Create a minimal package

Let’s create a Python package that contains this function.

Create the necessary directory structure for your package. This includes:

$ mkdir -p src/example_package_YOUR_USERNAME_HERE tests docs

(The -p flag tells mkdir to create the src parent directory for example_package_YOUR_USERNAME_HERE.)

Package naming

The PEP8 style guide recommends short, all-lowercase package names. The use of underscores is also discouraged.

It’s a good idea to keep package names short so that it is easier to remember and type. We are straying from this convention in this tutorial to prevent naming conflicts.

Directory Structure

Putting the package directory and source code inside the src directory is not actually required.

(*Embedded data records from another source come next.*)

(* Let $n\le m$ and $0<\rho<n$. Every $(n,k)$ linear code over $\mathrm{GF}(q^m)$ with rank covering radius $\rho$ satisfies $$\left\lfloor n-\rho-\frac{\rho(n-\rho)+\sigma(q)}{m}\right\rfloor+1\le k\le n-\rho.$$
   Context: The rank $\mathrm{rk}(\mathbf x)$ of $\mathbf x\in\mathrm{GF}(q^m)^n$ is the maximum number of its coordinates linearly independent over $\mathrm{GF}(q)$, and $d_{\mathrm R}(\mathbf x,\mathbf y)=\mathrm{rk}(\mathbf x-\mathbf y)$. The rank covering radius of a code $C$ is $\max_{\mathbf x}\min_{\mathbf c\in C}d_{\mathrm R}(\mathbf x,\mathbf c)$. An $(n,k)$ linear code is a $k$-dimensional $\mathrm{GF}(q^m)$-subspace of $\mathrm{GF}(q^m)^n$. $\sigma(q)=\frac{1}{\ln q}\sum_{k=1}^\infty\frac{1}{k(q^k-1)}$. *)

theory Defs
  imports "HOL-Analysis.Analysis"
begin

text \<open>A subfield K of a field of type 'a (here: GF(q) inside GF(q^m)).\<close>
definition is_subfield :: "'a::field set \<Rightarrow> bool" where
  "is_subfield K \<longleftrightarrow> 0 \<in> K \<and> 1 \<in> K \<and>
     (\<forall>x\<in>K. \<forall>y\<in>K. x + y \<in> K \<and> x * y \<in> K) \<and>
     (\<forall>x\<in>K. - x \<in> K \<and> inverse x \<in> K)"

definition lin_indep_over :: "'a::field set \<Rightarrow> ('i \<Rightarrow> 'a) \<Rightarrow> 'i set \<Rightarrow> bool" where
  "lin_indep_over K f S \<longleftrightarrow>
     (\<forall>c. (\<forall>i\<in>S. c i \<in> K) \<and> (\<Sum>i\<in>S. c i * f i) = 0 \<longrightarrow> (\<forall>i\<in>S. c i = 0))"

definition rk :: "'a::field set \<Rightarrow> 'a ^ 'n \<Rightarrow> nat" where
  "rk K x = Max (card ` {S :: 'n set. lin_indep_over K (\<lambda>i. x $ i) S})"

definition rank_covering_radius :: "'a::field set \<Rightarrow> ('a ^ 'n) set \<Rightarrow> nat" where
  "rank_covering_radius K C = Max ((\<lambda>x. Min ((\<lambda>c. rk K (x - c)) ` C)) ` UNIV)"

definition sigma :: "nat \<Rightarrow> real" where
  "sigma q = (1 / ln (real q)) * (\<Sum>k. 1 / (real (Suc k) * (real q ^ Suc k - 1)))"

end

theory Submission
  imports Defs
begin

text \<open>
  Upper bound: extending a basis of C by standard unit vectors shows that every vector lies within
  Hamming distance n - k of C, and the rank of a vector is at most its Hamming weight.

  Lower bound: the translates of the rank ball B of radius \<rho> by the q^(mk) codewords cover all
  q^(mn) vectors. The coordinates of a vector in B lie in some \<rho>-dimensional GF(q)-subspace of
  GF(q^m), and double counting such vectors against ordered bases of these subspaces gives
  |B| \<le> q^(\<rho>n) [m choose \<rho>]_q. Finally [m choose \<rho>]_q \<le> q^(\<rho>(m-\<rho>)) \<Prod>_(j=1..\<rho>) 1/(1 - q^-j),
  and expanding each -ln(1 - q^-j) into its power series shows that this product is less than
  q^\<sigma>(q).
\<close>

section \<open>The \<open>q\<close>-binomial coefficient and \<open>\<sigma>(q)\<close>\<close>

lemma sum_power_less_geometric:
  fixes t :: real
  assumes "0 < t" "t < 1"
  shows "(\<Sum>j\<in>{1..r}. t ^ j) < t / (1 - t)"
proof -
  have "(\<Sum>j\<in>{1..r}. t ^ j) = (\<Sum>j<r. t * t ^ j)"
    by (rule sum.reindex_bij_witness[of _ Suc "\<lambda>j. j - 1"]) (auto simp flip: power_Suc)
  also have "\<dots> < (\<Sum>j. t * t ^ j)"
    using assms by (intro sum_less_suminf summable_mult summable_geometric) auto
  also have "\<dots> = t / (1 - t)"
    using assms by (simp add: suminf_mult suminf_geometric)
  finally show ?thesis .
qed

lemma minus_ln_one_minus_sums:
  fixes x :: real
  assumes "\<bar>x\<bar> < 1"
  shows "(\<lambda>n. x ^ Suc n / real (Suc n)) sums - ln (1 - x)"
proof -
  have "(\<lambda>n. - (x ^ n) / real n) sums ln (1 - x)"
    using ln_series'[of "- x"] assms by simp
  then have "(\<lambda>n. - (x ^ Suc n / real (Suc n))) sums ln (1 - x)"
    using sums_Suc_iff[of "\<lambda>n. - (x ^ n) / real n"] by simp
  from sums_minus[OF this] show ?thesis by simp
qed

lemma summable_sigma_series:
  assumes "2 \<le> q"
  shows "summable (\<lambda>n. 1 / (real (Suc n) * (real q ^ Suc n - 1)))"
proof (rule summable_comparison_test')
  show "summable (\<lambda>n. (1 / real q) ^ n)"
    using assms by (intro summable_geometric) auto
  show "norm (1 / (real (Suc n) * (real q ^ Suc n - 1))) \<le> (1 / real q) ^ n" for n
  proof -
    have "1 \<le> real q ^ n * (real q - 1)"
      using assms by (intro mult_ge1_I one_le_power) auto
    then have qn: "real q ^ n \<le> real q ^ Suc n - 1"
      by (simp add: algebra_simps)
    have pos: "0 < real q ^ Suc n - 1"
      using qn assms one_le_power[of "real q" n] by linarith
    then have "norm (1 / (real (Suc n) * (real q ^ Suc n - 1))) \<le> 1 / (real q ^ Suc n - 1)"
      by (simp add: divide_left_mono mult_pos_pos mult_le_cancel_right1)
    also have "\<dots> \<le> 1 / real q ^ n"
      using qn pos assms by (intro divide_left_mono mult_pos_pos) auto
    finally show ?thesis by (simp add: power_one_over)
  qed
qed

  • If you put the <package_name> directory at the same level as tests and docs then you could actually import or call the package directory from that location.
  • However, this can cause several issues, such as running tests with the local version instead of the installed version.
  • In addition, the src/ package structure matches that of compiled languages, and lets your package easily contain non-Python compiled code, if necessary.

Inside src/example_package_YOUR_USERNAME_HERE, create the files __init__.py and rescale.py:

Copy the rescale() function into rescale.py file. (Don’t forget the NumPy import!)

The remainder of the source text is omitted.